TO DO:
Could you set down exactly the lines that start at the one containing "n \<sigma> \<Longrightarrow> late_start" and end at the final line of the material below?

DATA RECORDS:
------------------------------------
lemma utility_le_splice:
  fixes M :: nat and \<beta> \<alpha>0 :: strategy and \<Psi> :: "nat \<Rightarrow> state \<Rightarrow> real"
  defines "\<alpha> \<equiv> splice M \<beta> \<alpha>0"
  assumes M: "na \<le> M" and fin_\<beta>: "exp_payment m p tau \<beta> \<noteq> top"
    and bellman_\<beta>: "\<And>n \<sigma>. M \<le> n \<Longrightarrow> reachable \<beta> n \<sigma> \<Longrightarrow> bellman \<beta> (net_gain p \<beta>) \<Psi> n \<sigma> \<le> \<Psi> n \<sigma>"
    and nonneg_\<beta>: "\<forall>\<^sub>F n in sequentially. \<forall>\<sigma>. reachable \<beta> n \<sigma> \<longrightarrow> 0 \<le> \<Psi> n \<sigma>"
    and fin_\<alpha>: "\<And>n \<sigma>. M \<le> n \<Longrightarrow> reachable \<alpha> n \<sigma> \<Longrightarrow> payment m p n (\<alpha> n \<sigma>) \<noteq> top"
    and bellman_\<alpha>: "\<And>n \<sigma>. M \<le> n \<Longrightarrow> reachable \<alpha> n \<sigma> \<Longrightarrow> bellman \<alpha> (net_gain p \<alpha>) \<Psi> n \<sigma> = \<Psi> n \<sigma>"
    and bound_\<alpha>: "\<forall>\<^sub>F n in sequentially. \<forall>\<sigma>. reachable \<alpha> n \<sigma> \<longrightarrow> 0 \<le> \<Psi> n \<sigma> \<and> \<Psi> n \<sigma> \<le> K * \<gamma> ^ n"
  shows "utility m q1 q2 p tau \<beta> \<le> utility m q1 q2 p tau \<alpha>"
proof -
  define K0 where "K0 = M - na"
  have K0: "na + K0 = M" using M by (simp add: K0_def)
  define X where "X \<gamma>' = expect \<gamma>' (net_gain p \<gamma>')" for \<gamma>'
  have ds_eq: "ds \<alpha> k = ds \<beta> k" if "k \<le> K0" for k
    using dist_splice_prefix[OF M] that by (simp add: \<alpha>_def K0_def)
  have X_eq: "X \<alpha> k = X \<beta> k" if "k < K0" for k
    using ds_eq[of k] that K0 by (simp add: X_def expect_def net_gain_def \<alpha>_def splice_def)
  have \<Psi>_eq: "expect \<alpha> \<Psi> K0 = expect \<beta> \<Psi> K0"
    using ds_eq[of K0] by (simp add: expect_def)
  have fin_\<alpha>': "payment m p n (\<alpha> n \<sigma>) \<noteq> top" if "reachable \<alpha> n \<sigma>" for n \<sigma>
  proof (cases "M \<le> n")
    case False
    then show ?thesis
      using that reachable_splice_iff[OF M, of n \<beta> \<alpha>0] payment_finite_of_reachable[OF fin_\<beta>]
      by (simp add: \<alpha>_def splice_def)
  qed (use fin_\<alpha> that in blast)
  have sums_\<alpha>: "(\<lambda>j. X \<alpha> (K0 + j)) sums expect \<alpha> \<Psi> K0"
    unfolding X_def
  proof (rule expect_sums)
    show "bellman \<alpha> (net_gain p \<alpha>) \<Psi> (na + k) \<sigma> = \<Psi> (na + k) \<sigma>"
      if "K0 \<le> k" "reachable \<alpha> (na + k) \<sigma>" for k \<sigma>
      using bellman_\<alpha> that K0 by simp
  qed (rule expect_tendsto_zero[OF bound_\<alpha>])
  have summable_\<alpha>: "summable (X \<alpha>)"
    using sums_summable[OF sums_\<alpha>] summable_iff_shift[of "X \<alpha>" K0] by (simp add: add.commute)
  have summable_\<beta>: "summable (X \<beta>)"
    unfolding X_def by (rule summable_expect_net_gain[OF fin_\<beta>])
  have tail_\<beta>: "(\<Sum>j. X \<beta> (K0 + j)) \<le> expect \<beta> \<Psi> K0"
    unfolding X_def
  proof (rule suminf_expect_le)
    show "bellman \<beta> (net_gain p \<beta>) \<Psi> (na + k) \<sigma> \<le> \<Psi> (na + k) \<sigma>"
      if "K0 \<le> k" "reachable \<beta> (na + k) \<sigma>" for k \<sigma>
      using bellman_\<beta> that K0 by simp
    show "summable (\<lambda>j. expect \<beta> (net_gain p \<beta>) (K0 + j))"
      using summable_\<beta> summable_iff_shift[of "X \<beta>" K0] by (simp add: X_def add.commute)
    obtain N where "\<And>n \<sigma>. N \<le> n \<Longrightarrow> reachable \<beta> n \<sigma> \<Longrightarrow> 0 \<le> \<Psi> n \<sigma>"
      using nonneg_\<beta> unfolding eventually_sequentially by blast
    then have "0 \<le> expect \<beta> \<Psi> k" if "N \<le> k" for k
      using expect_mono[of \<beta> k "\<lambda>_ _. 0" \<Psi>] that by (simp add: expect_const)
    then show "\<forall>\<^sub>F k in sequentially. 0 \<le> expect \<beta> \<Psi> k"
      by (auto simp: eventually_sequentially)
  qed
  have split: "suminf (X \<gamma>') = (\<Sum>j. X \<gamma>' (K0 + j)) + (\<Sum>k<K0. X \<gamma>' k)"
    if "summable (X \<gamma>')" for \<gamma>'
    using suminf_split_initial_segment[OF that, of K0] by (simp add: add.commute)
  have "suminf (X \<beta>) \<le> suminf (X \<alpha>)"
    unfolding split[OF summable_\<beta>] split[OF summable_\<alpha>] sums_unique[OF sums_\<alpha>, symmetric]
    using tail_\<beta> \<Psi>_eq X_eq by simp
  moreover have "utility m q1 q2 p tau \<alpha> = ereal (suminf (X \<alpha>))"
    using utility_eq_suminf[OF fin_\<alpha>'] summable_\<alpha> by (simp add: X_def)
  moreover have "utility m q1 q2 p tau \<beta> = ereal (suminf (X \<beta>))"
    using utility_eq_suminf[OF payment_finite_of_reachable[OF fin_\<beta>]] summable_\<beta>
    by (simp add: X_def)
  ultimately show ?thesis by simp
qed

end


context user_model
begin

lemma enn2real_payment:
  assumes "payment m p n (s, b1, b2) \<noteq> top" "m \<le> n"
  shows "enn2real (payment m p n (s, b1, b2)) =
    of_bool s * enn2real (priceS p) + of_bool b1 * enn2real (fst (snd p)) + of_bool b2 * enn2real (price2 p)"
  using assms
  by (cases s; cases b1; cases b2)
     (simp_all add: payment_def price1_def subs_def buy1_def buy2_def enn2real_plus less_top[symmetric])

lemma price_finite_of_action:
  assumes "exp_payment m p tau \<alpha> \<noteq> top" "reachable \<alpha> n \<sigma>" "m \<le> n"
  shows "subs (\<alpha> n \<sigma>) \<Longrightarrow> priceS p \<noteq> top" "buy1 (\<alpha> n \<sigma>) \<Longrightarrow> fst (snd p) \<noteq> top"
    "buy2 (\<alpha> n \<sigma>) \<Longrightarrow> price2 p \<noteq> top"
  using payment_finite_of_reachable[OF assms(1,2)] assms(3)
  by (auto simp: payment_def price1_def)

fun step_value :: "prices \<Rightarrow> (nat \<Rightarrow> state \<Rightarrow> real) \<Rightarrow> nat \<Rightarrow> state \<Rightarrow> action \<Rightarrow> real" where
  "step_value p \<Psi> n (d, o1, o2) (s, b1, b2) =
     v * (of_bool d * (if s then Q1 n + Q2 n else of_bool (o1 \<or> b1) * Q1 n + of_bool (o2 \<or> b2) * Q2 n))
     - (of_bool s * enn2real (priceS p) + of_bool b1 * enn2real (fst (snd p))
        + of_bool b2 * enn2real (price2 p))
     + (keep_prob (d, o1, o2) (s, b1, b2) * \<Psi> (Suc n) (True, o1 \<or> b1, o2 \<or> b2)
        + (1 - keep_prob (d, o1, o2) (s, b1, b2)) * \<Psi> (Suc n) (False, o1 \<or> b1, o2 \<or> b2))"

lemma bellman_net_gain:
  assumes "m \<le> n" "payment m p n (\<alpha> n \<sigma>) \<noteq> top"
  shows "bellman \<alpha> (net_gain p \<alpha>) \<Psi> n \<sigma> = step_value p \<Psi> n \<sigma> (\<alpha> n \<sigma>)"
proof -
  obtain d o1 o2 s b1 b2 where \<sigma>: "\<sigma> = (d, o1, o2)" and a: "\<alpha> n \<sigma> = (s, b1, b2)"
    by (cases \<sigma>, cases "\<alpha> n \<sigma>") auto
  have "Suc n \<noteq> m" using assms(1) by simp
  then show ?thesis
    using assms unfolding bellman_def net_gain_def sum_trans_mult[OF \<open>Suc n \<noteq> m\<close>] a
    by (simp add: \<sigma> enn2real_payment reward_def qual_eq oS_def dem_def own_def subs_def buy1_def buy2_def)
qed

definition late_start :: nat where "late_start = max na m"

lemma late_start_ge: "na \<le> late_start" "m \<le> late_start"
  by (simp_all add: late_start_def)

lemma late_start_le: "m \<le> n \<Longrightarrow> reachable \<alpha> n \<sigma> \<Longrightarrow> late_start \<le> n"
  by (simp add: late_start_def reachable_iff)

end

section \<open>Users who buy the upgrade\<close>

context user_model
begin

definition buy_missing :: strategy where
  "buy_missing n \<sigma> = (False, \<not> fst (own \<sigma>), \<not> snd (own \<sigma>))"

definition missing_cost :: "prices \<Rightarrow> bool \<times> bool \<Rightarrow> real" where
  "missing_cost p o' = of_bool (\<not> fst o') * enn2real (fst (snd p)) + of_bool (\<not> snd o') * enn2real (price2 p)"

definition value_upgrade :: "prices \<Rightarrow> nat \<Rightarrow> state \<Rightarrow> real" where
  "value_upgrade p n \<sigma> = of_bool (dem \<sigma>) * (v * disc_qual (True, True) n) - missing_cost p (own \<sigma>)"

lemma disc_qual_all_rec:
  "v * disc_qual (True, True) n = v * (Q1 n + Q2 n) + \<delta> * (v * disc_qual (True, True) (Suc n))"
  using disc_qual_rec[of "(True, True)" n] by (simp add: qual_eq)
------------------------------------
EXERCISE OUTPUT:
lemma late_start_le: "m \<le> n \<Longrightarrow> reachable \<alpha> n \<sigma> \<Longrightarrow> late_start \<le> n"
  by (simp add: late_start_def reachable_iff)

end

section \<open>Users who buy the upgrade\<close>

context user_model
begin

definition buy_missing :: strategy where
  "buy_missing n \<sigma> = (False, \<not> fst (own \<sigma>), \<not> snd (own \<sigma>))"

definition missing_cost :: "prices \<Rightarrow> bool \<times> bool \<Rightarrow> real" where
  "missing_cost p o' = of_bool (\<not> fst o') * enn2real (fst (snd p)) + of_bool (\<not> snd o') * enn2real (price2 p)"

definition value_upgrade :: "prices \<Rightarrow> nat \<Rightarrow> state \<Rightarrow> real" where
  "value_upgrade p n \<sigma> = of_bool (dem \<sigma>) * (v * disc_qual (True, True) n) - missing_cost p (own \<sigma>)"

lemma disc_qual_all_rec:
  "v * disc_qual (True, True) n = v * (Q1 n + Q2 n) + \<delta> * (v * disc_qual (True, True) (Suc n))"
  using disc_qual_rec[of "(True, True)" n] by (simp add: qual_eq)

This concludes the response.